Por el otro lado, el ex candidato presidencial ha seguido construyendo su organización, hasta convertirla en un partido a la sombra. Si su influencia en la estructura formal es cada vez más disputada, ahí, en su Gobierno de fantasía, reina sin obstáculos. La aclamación lo encumbró. No le estorban las votaciones, ni los plazos o procedimientos estatutarios; tampoco tiene que distraerse con compromisos constitucionales, ni se ve forzado a negociar con quienes no lo adoran como héroe de la democracia y la paz. Así se lanza a condenar a todos quienes no lo veneran. López Obrador, con su heroico batallón de puros, frente a la mafia de estafadores y moderados.
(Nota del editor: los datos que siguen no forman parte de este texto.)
(* Let $T$ and $T'$ be DFS trees of size $n$. Assume that for every $x_i\in\{x_2,\dots,x_n\}$, if $T_{x_i}=T'_{x_i}$ then $x_i$ has the same parent in $T$ and in $T'$. Then $T=T'$.
   Context: A DFS tree of size $n$ is a rooted tree on the vertex set $\{x_1,\dots,x_n\}$ with root $x_1$ and edges directed away from the root, in which $x_1,\dots,x_n$ is the preorder (depth-first search) order, children visited in increasing order of index. For a vertex $x$, $T_x$ denotes the rooted induced subtree consisting of $x$ and all its descendants; $T_x=T'_x$ means equal vertex and edge sets. *)

theory Defs
  imports Main
begin

text \<open>Vertices x_1,...,x_n are represented by the natural numbers 1,...,n.
A directed tree is given by its edge set E (pairs (parent, child)).\<close>

definition children :: "(nat \<times> nat) set \<Rightarrow> nat \<Rightarrow> nat list" where
  "children E v = sorted_list_of_set {w. (v, w) \<in> E}"

text \<open>preord E v L: L is the preorder (DFS order, children visited in
increasing order of index) of the subtree rooted at v.\<close>
inductive preord :: "(nat \<times> nat) set \<Rightarrow> nat \<Rightarrow> nat list \<Rightarrow> bool" for E where
  "list_all2 (preord E) (children E v) Ls \<Longrightarrow> preord E v (v # concat Ls)"

definition rooted_tree :: "nat set \<Rightarrow> nat \<Rightarrow> (nat \<times> nat) set \<Rightarrow> bool" where
  "rooted_tree V r E \<longleftrightarrow> r \<in> V \<and> E \<subseteq> V \<times> V
     \<and> (\<forall>u. (u, r) \<notin> E)
     \<and> (\<forall>v \<in> V - {r}. \<exists>!u. (u, v) \<in> E)
     \<and> (\<forall>v \<in> V. (r, v) \<in> E\<^sup>*)"

definition dfs_tree :: "nat \<Rightarrow> (nat \<times> nat) set \<Rightarrow> bool" where
  "dfs_tree n E \<longleftrightarrow> rooted_tree {1..n} 1 E \<and> preord E 1 [1..<n+1]"

definition subtree_verts :: "(nat \<times> nat) set \<Rightarrow> nat \<Rightarrow> nat set" where
  "subtree_verts E x = {y. (x, y) \<in> E\<^sup>*}"

definition subtree_edges :: "(nat \<times> nat) set \<Rightarrow> nat \<Rightarrow> (nat \<times> nat) set" where
  "subtree_edges E x = E \<inter> (subtree_verts E x \<times> subtree_verts E x)"

definition same_subtree :: "(nat \<times> nat) set \<Rightarrow> (nat \<times> nat) set \<Rightarrow> nat \<Rightarrow> bool" where
  "same_subtree E E' x \<longleftrightarrow> subtree_verts E x = subtree_verts E' x
     \<and> subtree_edges E x = subtree_edges E' x"

definition same_parent :: "(nat \<times> nat) set \<Rightarrow> (nat \<times> nat) set \<Rightarrow> nat \<Rightarrow> bool" where
  "same_parent E E' x \<longleftrightarrow> (\<forall>u. (u, x) \<in> E \<longleftrightarrow> (u, x) \<in> E')"

end

theory Submission
  imports Defs "HOL-Library.Sublist"
begin

text \<open>In a DFS tree every edge points from a smaller to a larger index, because the preorder
of the subtree at u is a contiguous block of the sorted list [1..<n+1] starting with u and
containing all children of u. Hence T_i is determined by the edges entering vertices larger
than i. If T and T' differ, take the largest vertex v whose parents differ: all edges entering
vertices above v agree, so T_v = T'_v, and the hypothesis forces v to have the same parent
after all.\<close>

lemma set_children:
  assumes "finite E"
  shows "set (children E v) = {w. (v, w) \<in> E}"
proof -
  have "{w. (v, w) \<in> E} \<subseteq> snd ` E" by force
  then have "finite {w. (v, w) \<in> E}"
    using assms finite_subset by blast
  then show ?thesis
    unfolding children_def by simp
qed

lemma list_all2_obtain_right:
  assumes "list_all2 P xs ys" "x \<in> set xs"
  obtains y where "y \<in> set ys" "P x y"
  using assms by (induction rule: list_all2_induct) auto

lemma preord_imp_Cons:
  assumes "preord E v L"
  obtains r where "L = v # r"
  using assms by (cases rule: preord.cases) auto

lemma preord_child:
  assumes "preord E u L" "finite E" "(u, v) \<in> E"
  obtains r where "L = u # r" "v \<in> set r"
  using assms(1)
proof (cases rule: preord.cases)
  case (1 Ls)
  have "v \<in> set (children E u)"
    using set_children[OF assms(2)] assms(3) by auto
  then obtain Lv where "Lv \<in> set Ls" "preord E v Lv"
    using list_all2_obtain_right[OF \<open>list_all2 (preord E) (children E u) Ls\<close>] by blast
  moreover from \<open>preord E v Lv\<close> have "v \<in> set Lv"
    by (auto elim: preord_imp_Cons)
  ultimately have "v \<in> set (concat Ls)" by auto
  with \<open>L = u # concat Ls\<close> show thesis using that by blast
qed

lemma preord_descendant_sublist:
  assumes "preord E w L" "finite E" "(w, u) \<in> E\<^sup>*"
  shows "\<exists>Lu. preord E u Lu \<and> sublist Lu L"
  using assms(1,3)
proof (induction arbitrary: u rule: preord.induct)
  case (1 v Ls)
  show ?case
  proof (cases "u = v")
    case True
    have "list_all2 (preord E) (children E v) Ls"
      using "1.IH" by (rule list_all2_mono) simp
    then have "preord E v (v # concat Ls)" by (rule preord.intros)
    with True show ?thesis by blast
  next
    case False
    then obtain c where c: "(v, c) \<in> E" "(c, u) \<in> E\<^sup>*"
      using "1.prems" by (metis converse_rtranclE)
    have "c \<in> set (children E v)"
      using set_children[OF assms(2)] c(1) by auto
    then obtain Lc where "Lc \<in> set Ls" and
      IH: "\<And>u. (c, u) \<in> E\<^sup>* \<Longrightarrow> \<exists>Lu. preord E u Lu \<and> sublist Lu Lc"
      using list_all2_obtain_right[OF "1.IH"] by blast
    obtain Lu where Lu: "preord E u Lu" "sublist Lu Lc"
      using IH[OF c(2)] by blast
    from \<open>Lc \<in> set Ls\<close> obtain Ls1 Ls2 where "Ls = Ls1 @ Lc # Ls2"
      by (metis split_list)
    then have "v # concat Ls = (v # concat Ls1) @ Lc @ concat Ls2" by simp
    then have "sublist Lc (v # concat Ls)" by (metis sublist_appendI)
    with Lu show ?thesis
      using sublist_order.order.trans by blast
  qed
qed

lemma preord_sorted_wrt_edge:
  assumes "preord E w L" "sorted_wrt R L" "finite E" "(w, u) \<in> E\<^sup>*" "(u, v) \<in> E"
  shows "R u v"
proof -
  obtain Lu where "preord E u Lu" "sublist Lu L"
    using preord_descendant_sublist[OF assms(1,3,4)] by blast
  then obtain r where "Lu = u # r" "v \<in> set r"
    using preord_child[OF _ assms(3,5)] by blast
  moreover have "sorted_wrt R Lu"
    using \<open>sublist Lu L\<close> assms(2) by (auto simp: sublist_def sorted_wrt_append)
  ultimately show ?thesis by simp
qed

lemma dfs_tree_finite:
  assumes "dfs_tree n E"
  shows "finite E"
  using assms finite_subset[of E "{1..n} \<times> {1..n}"]
  by (auto simp: dfs_tree_def rooted_tree_def)

lemma dfs_tree_edge_target:
  assumes "dfs_tree n E" "(u, v) \<in> E"
  shows "v \<in> {2..n}"
proof -
  have "v \<in> {1..n}" "v \<noteq> 1"
    using assms by (auto simp: dfs_tree_def rooted_tree_def)
  then show ?thesis by auto
qed

lemma dfs_tree_edge_less:
  assumes "dfs_tree n E" "(u, v) \<in> E"
  shows "u < v"
proof -
  have "preord E 1 [1..<n+1]" "(1, u) \<in> E\<^sup>*"
    using assms by (auto simp: dfs_tree_def rooted_tree_def)
  then show ?thesis
    using preord_sorted_wrt_edge sorted_wrt_upt dfs_tree_finite[OF assms(1)] assms(2) by blast
qed

lemma rtrancl_increasing_le:
  fixes E :: "'a::preorder rel"
  assumes "\<forall>(u, v) \<in> E. u < v" "(x, y) \<in> E\<^sup>*"
  shows "x \<le> y"
  using assms(2)
proof (induction rule: rtrancl_induct)
  case base
  then show ?case by simp
next
  case (step y z)
  with assms(1) have "y < z" by blast
  with step.IH show ?case by (meson order.strict_implies_order order_trans)
qed

lemma rtrancl_increasing_transfer:
  fixes E E' :: "'a::preorder rel"
  assumes "\<forall>(u, v) \<in> E. u < v" "\<forall>(u, v) \<in> E. x < v \<longrightarrow> (u, v) \<in> E'" "(x, y) \<in> E\<^sup>*"
  shows "(x, y) \<in> E'\<^sup>*"
  using assms(3)
proof (induction rule: rtrancl_induct)
  case base
  then show ?case by simp
next
  case (step y z)
  from assms(1) step.hyps(2) have "y < z" by blast
  with rtrancl_increasing_le[OF assms(1) step.hyps(1)] have "x < z"
    by (rule order_le_less_trans)
  with assms(2) step.hyps(2) have "(y, z) \<in> E'" by blast
  with step.IH show ?case by (rule rtrancl_into_rtrancl)
qed

lemma same_subtree_if_same_parent_above:
  assumes incr: "\<forall>(u, v) \<in> E. u < v" "\<forall>(u, v) \<in> E'. u < v"
    and "\<forall>v > i. same_parent E E' v"
  shows "same_subtree E E' i"
proof -
  have agree: "(u, v) \<in> E \<longleftrightarrow> (u, v) \<in> E'" if "i < v" for u v
    using assms(3) that unfolding same_parent_def by blast
  have "\<forall>(u, v) \<in> E. i < v \<longrightarrow> (u, v) \<in> E'" "\<forall>(u, v) \<in> E'. i < v \<longrightarrow> (u, v) \<in> E"
    using agree by auto
  then have verts: "subtree_verts E i = subtree_verts E' i"
    unfolding subtree_verts_def
    using rtrancl_increasing_transfer[OF incr(1)] rtrancl_increasing_transfer[OF incr(2)] by auto
  have "(u, v) \<in> E \<longleftrightarrow> (u, v) \<in> E'" if "u \<in> subtree_verts E i" for u v
  proof -
    from that have "i \<le> u"
      unfolding subtree_verts_def by (auto intro: rtrancl_increasing_le[OF incr(1)])
    moreover have "u < v" if "(u, v) \<in> E \<union> E'"
      using incr that by blast
    ultimately show ?thesis
      using agree by (meson Un_iff order_le_less_trans)
  qed
  then show ?thesis
    unfolding same_subtree_def subtree_edges_def using verts by blast
qed

lemma increasing_trees_eq_if_local_agreement:
  fixes E E' :: "(nat \<times> nat) set"
  assumes "finite E" "finite E'" "\<forall>(u, v) \<in> E. u < v" "\<forall>(u, v) \<in> E'. u < v"
    and "\<forall>i. same_subtree E E' i \<longrightarrow> same_parent E E' i"
  shows "E = E'"
proof -
  obtain N where N: "\<forall>v \<in> snd ` (E \<union> E'). v \<le> N"
    using assms(1,2) finite_nat_set_iff_bounded_le by (metis finite_Un finite_imageI)
  have "\<forall>v \<ge> i. same_parent E E' v" if "i \<le> Suc N" for i
    using that
  proof (induction rule: inc_induct)
    case base
    show ?case using N by (force simp: same_parent_def)
  next
    case (step i)
    then have "same_subtree E E' i"
      using same_subtree_if_same_parent_above[OF assms(3,4)] by (simp add: Suc_le_eq)
    with step.IH assms(5) show ?case by (metis le_antisym not_less_eq_eq)
  qed
  then show ?thesis
    by (force simp: same_parent_def)
qed

theorem lemma6p13:
  fixes n :: nat and E E' :: "(nat \<times> nat) set"
  assumes "dfs_tree n E" and "dfs_tree n E'"
    and "\<forall>i \<in> {2..n}. same_subtree E E' i \<longrightarrow> same_parent E E' i"
  shows "E = E'"
proof (rule increasing_trees_eq_if_local_agreement)
  show "finite E" "finite E'"
    using assms(1,2) dfs_tree_finite by blast+
  show "\<forall>(u, v) \<in> E. u < v" "\<forall>(u, v) \<in> E'. u < v"
    using assms(1,2) dfs_tree_edge_less by blast+
  have "same_parent E E' i" if "i \<notin> {2..n}" for i
    using that dfs_tree_edge_target[OF assms(1)] dfs_tree_edge_target[OF assms(2)]
    by (auto simp: same_parent_def)
  with assms(3) show "\<forall>i. same_subtree E E' i \<longrightarrow> same_parent E E' i" by blast
qed

end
En su elección interna se enfrentan esas visiones del PRD. No es probable, sin embargo, que el veredicto de los perredistas resuelva la discrepancia. Evidentemente, quien se imponga definirá prioridades, acentos, tonos. Puede fortalecerse la línea negociadora o puede enfatizarse la estrategia solipsista. Pero, sea cual sea el nombre de su futuro dirigente, el PRD seguirá siendo un partido escindido. Al llamarlo así no me refiero a que esté dividido por una disputa ideológica o un desacuerdo estratégico, sino al hecho de que está cruzado por una divergencia esencial sobre la naturaleza del régimen político en el que actúa. Para la vertiente movimentista, México vivió una reversión de tal naturaleza que el país ha dejado de vivir bajo condiciones democráticas. En consecuencia, las instituciones —sus instituciones— no son recintos de la pluralidad sino celadas. Actuar ahí es “seguirle el juego” a los mafiosos. Por el otro lado, para la vertiente negociadora, el partido es una pieza fundamental del engranaje democrático y no tiene más remedio que participar en su marcha.
Así, sea cual sea el resultado de la renovación interna del PRD, seguiremos teniendo un partido que tramposamente juega a la ambigüedad. Las reglas de la democracia son válidas cuando resultan convenientes; inaceptables cuando son perjudiciales. Participo en el cambio de las reglas, pero impugno sus criaturas. La ambigüedad puede ser funcional para los perredistas. De esa forma han logrado acomodar su diversidad y han podido sacar enormes ventajas de un sistema al que pertenecen, pero al que desconocen. La pregunta es si esa estrategia es sostenible en el mediano plazo y si puede ser comunicada al electorado. Mi impresión es que la ambigüedad del partido le es terriblemente costosa y dificultará enormemente la recuperación electoral del partido que rozó la presidencia en 2006. La ambigüedad es también muy perniciosa para una democracia que no logra amarrar definitivamente la lealtad institucional de sus protagonistas.